> **Task prompt**
Using only the records, tally the lines with "every" in them and state that total by itself.

BEGIN Source information

abbreviation inst_nm :: "('d, 'n, 'c, 'f, 'p) fm \<Rightarrow> nat \<Rightarrow> ('d, 'n, 'c, 'f, 'p) fm" where
  "inst_nm \<phi> a \<equiv> open_fn 0 (Nm a) \<phi>"

fun is_atom :: "('d, 'n, 'c, 'f, 'p) fm \<Rightarrow> bool" where
  "is_atom (Pred _ _) = True"
| "is_atom (Eq _ _) = True"
| "is_atom (Fresh _ _) = True"
| "is_atom _ = False"

section \<open>|Sigma|: the freshness facts recorded by a context\<close>

definition ctx_fresh :: "('c, 'f, 'p, 'd, 'n) signature \<Rightarrow> ('d, 'n) ctx
    \<Rightarrow> ('d, 'n, 'c, 'f, 'p) fm set" where
  "ctx_fresh S \<Sigma> = {Fresh (Nm a) t | a t. \<exists>\<Sigma>1 \<Sigma>2 \<nu> \<tau>.
      \<Sigma> = \<Sigma>1 @ CNm a \<nu> # \<Sigma>2 \<and> tmty S \<Sigma>1 t \<tau>}"

section \<open>Instances of the nonlogical axiom schemes  P1 & ... & Pn \<supset> Q1 | ... | Qm\<close>

text \<open>Swap/eq/fresh are symbols of the signature; E2 is
  read as covering every function symbol with data-type result (including
  swap at a data type) and E3 every predicate symbol (including eq and fresh).\<close>
inductive nl_axiom :: "('c, 'f, 'p, 'd, 'n) signature \<Rightarrow> ('d, 'n) ctx
    \<Rightarrow> ('d, 'n, 'c, 'f, 'p) fm list \<Rightarrow> ('d, 'n, 'c, 'f, 'p) fm list \<Rightarrow> bool"
  for S :: "('c, 'f, 'p, 'd, 'n) signature" where
  S1: "tmty S \<Sigma> a (TName \<nu>) \<Longrightarrow> tmty S \<Sigma> x \<tau> \<Longrightarrow>
       nl_axiom S \<Sigma> [] [Eq (Swap a a x) x]"
| S2: "tmty S \<Sigma> a (TName \<nu>) \<Longrightarrow> tmty S \<Sigma> b (TName \<nu>) \<Longrightarrow> tmty S \<Sigma> x \<tau> \<Longrightarrow>
       nl_axiom S \<Sigma> [] [Eq (Swap a b (Swap a b x)) x]"
| S3: "tmty S \<Sigma> a (TName \<nu>) \<Longrightarrow> tmty S \<Sigma> b (TName \<nu>) \<Longrightarrow>
       nl_axiom S \<Sigma> [] [Eq (Swap a b a) b]"
| E1: "tmty S \<Sigma> a (TName \<nu>) \<Longrightarrow> tmty S \<Sigma> b (TName \<nu>) \<Longrightarrow>
       nl_axiom S \<Sigma> [] [Eq (Swap a b (Const c)) (Const c)]"
| E2: "tmty S \<Sigma> a (TName \<nu>) \<Longrightarrow> tmty S \<Sigma> b (TName \<nu>) \<Longrightarrow> tmty S \<Sigma> (Fn f ts) \<tau> \<Longrightarrow>
       nl_axiom S \<Sigma> [] [Eq (Swap a b (Fn f ts)) (Fn f (map (Swap a b) ts))]"
| E2_swap: "tmty S \<Sigma> a (TName \<nu>) \<Longrightarrow> tmty S \<Sigma> b (TName \<nu>) \<Longrightarrow>
       tmty S \<Sigma> (Swap c d t) (TData \<delta>) \<Longrightarrow>
       nl_axiom S \<Sigma> [] [Eq (Swap a b (Swap c d t)) (Swap (Swap a b c) (Swap a b d) (Swap a b t))]"
| E3: "tmty S \<Sigma> a (TName \<nu>) \<Longrightarrow> tmty S \<Sigma> b (TName \<nu>) \<Longrightarrow> wff S \<Sigma> [] [] (Pred p ts) \<Longrightarrow>
       nl_axiom S \<Sigma> [Pred p ts] [Pred p (map (Swap a b) ts)]"
| E3_eq: "tmty S \<Sigma> a (TName \<nu>) \<Longrightarrow> tmty S \<Sigma> b (TName \<nu>) \<Longrightarrow> wff S \<Sigma> [] [] (Eq t u) \<Longrightarrow>
       nl_axiom S \<Sigma> [Eq t u] [Eq (Swap a b t) (Swap a b u)]"
| E3_fresh: "tmty S \<Sigma> a (TName \<nu>) \<Longrightarrow> tmty S \<Sigma> b (TName \<nu>) \<Longrightarrow> wff S \<Sigma> [] [] (Fresh t u) \<Longrightarrow>
       nl_axiom S \<Sigma> [Fresh t u] [Fresh (Swap a b t) (Swap a b u)]"
| F1: "tmty S \<Sigma> a (TName \<nu>) \<Longrightarrow> tmty S \<Sigma> b (TName \<nu>) \<Longrightarrow> tmty S \<Sigma> x \<tau> \<Longrightarrow>
       nl_axiom S \<Sigma> [Fresh a x, Fresh b x] [Eq (Swap a b x) x]"
| F2: "tmty S \<Sigma> a (TName \<nu>) \<Longrightarrow> tmty S \<Sigma> b (TName \<nu>') \<Longrightarrow> \<nu> \<noteq> \<nu>' \<Longrightarrow>
       nl_axiom S \<Sigma> [] [Fresh a b]"
| F3: "tmty S \<Sigma> a (TName \<nu>) \<Longrightarrow>
       nl_axiom S \<Sigma> [Fresh a a] []"
| F4: "tmty S \<Sigma> a (TName \<nu>) \<Longrightarrow> tmty S \<Sigma> b (TName \<nu>) \<Longrightarrow>
       nl_axiom S \<Sigma> [] [Fresh a b, Eq a b]"
| A1: "tmty S \<Sigma> a (TName \<nu>) \<Longrightarrow> tmty S \<Sigma> b (TName \<nu>) \<Longrightarrow> tmty S \<Sigma> x \<tau> \<Longrightarrow> tmty S \<Sigma> y \<tau> \<Longrightarrow>
       nl_axiom S \<Sigma> [Fresh a y, Eq x (Swap a b y)] [Eq (Abst a x) (Abst b y)]"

END Source information

> **Task answer**
2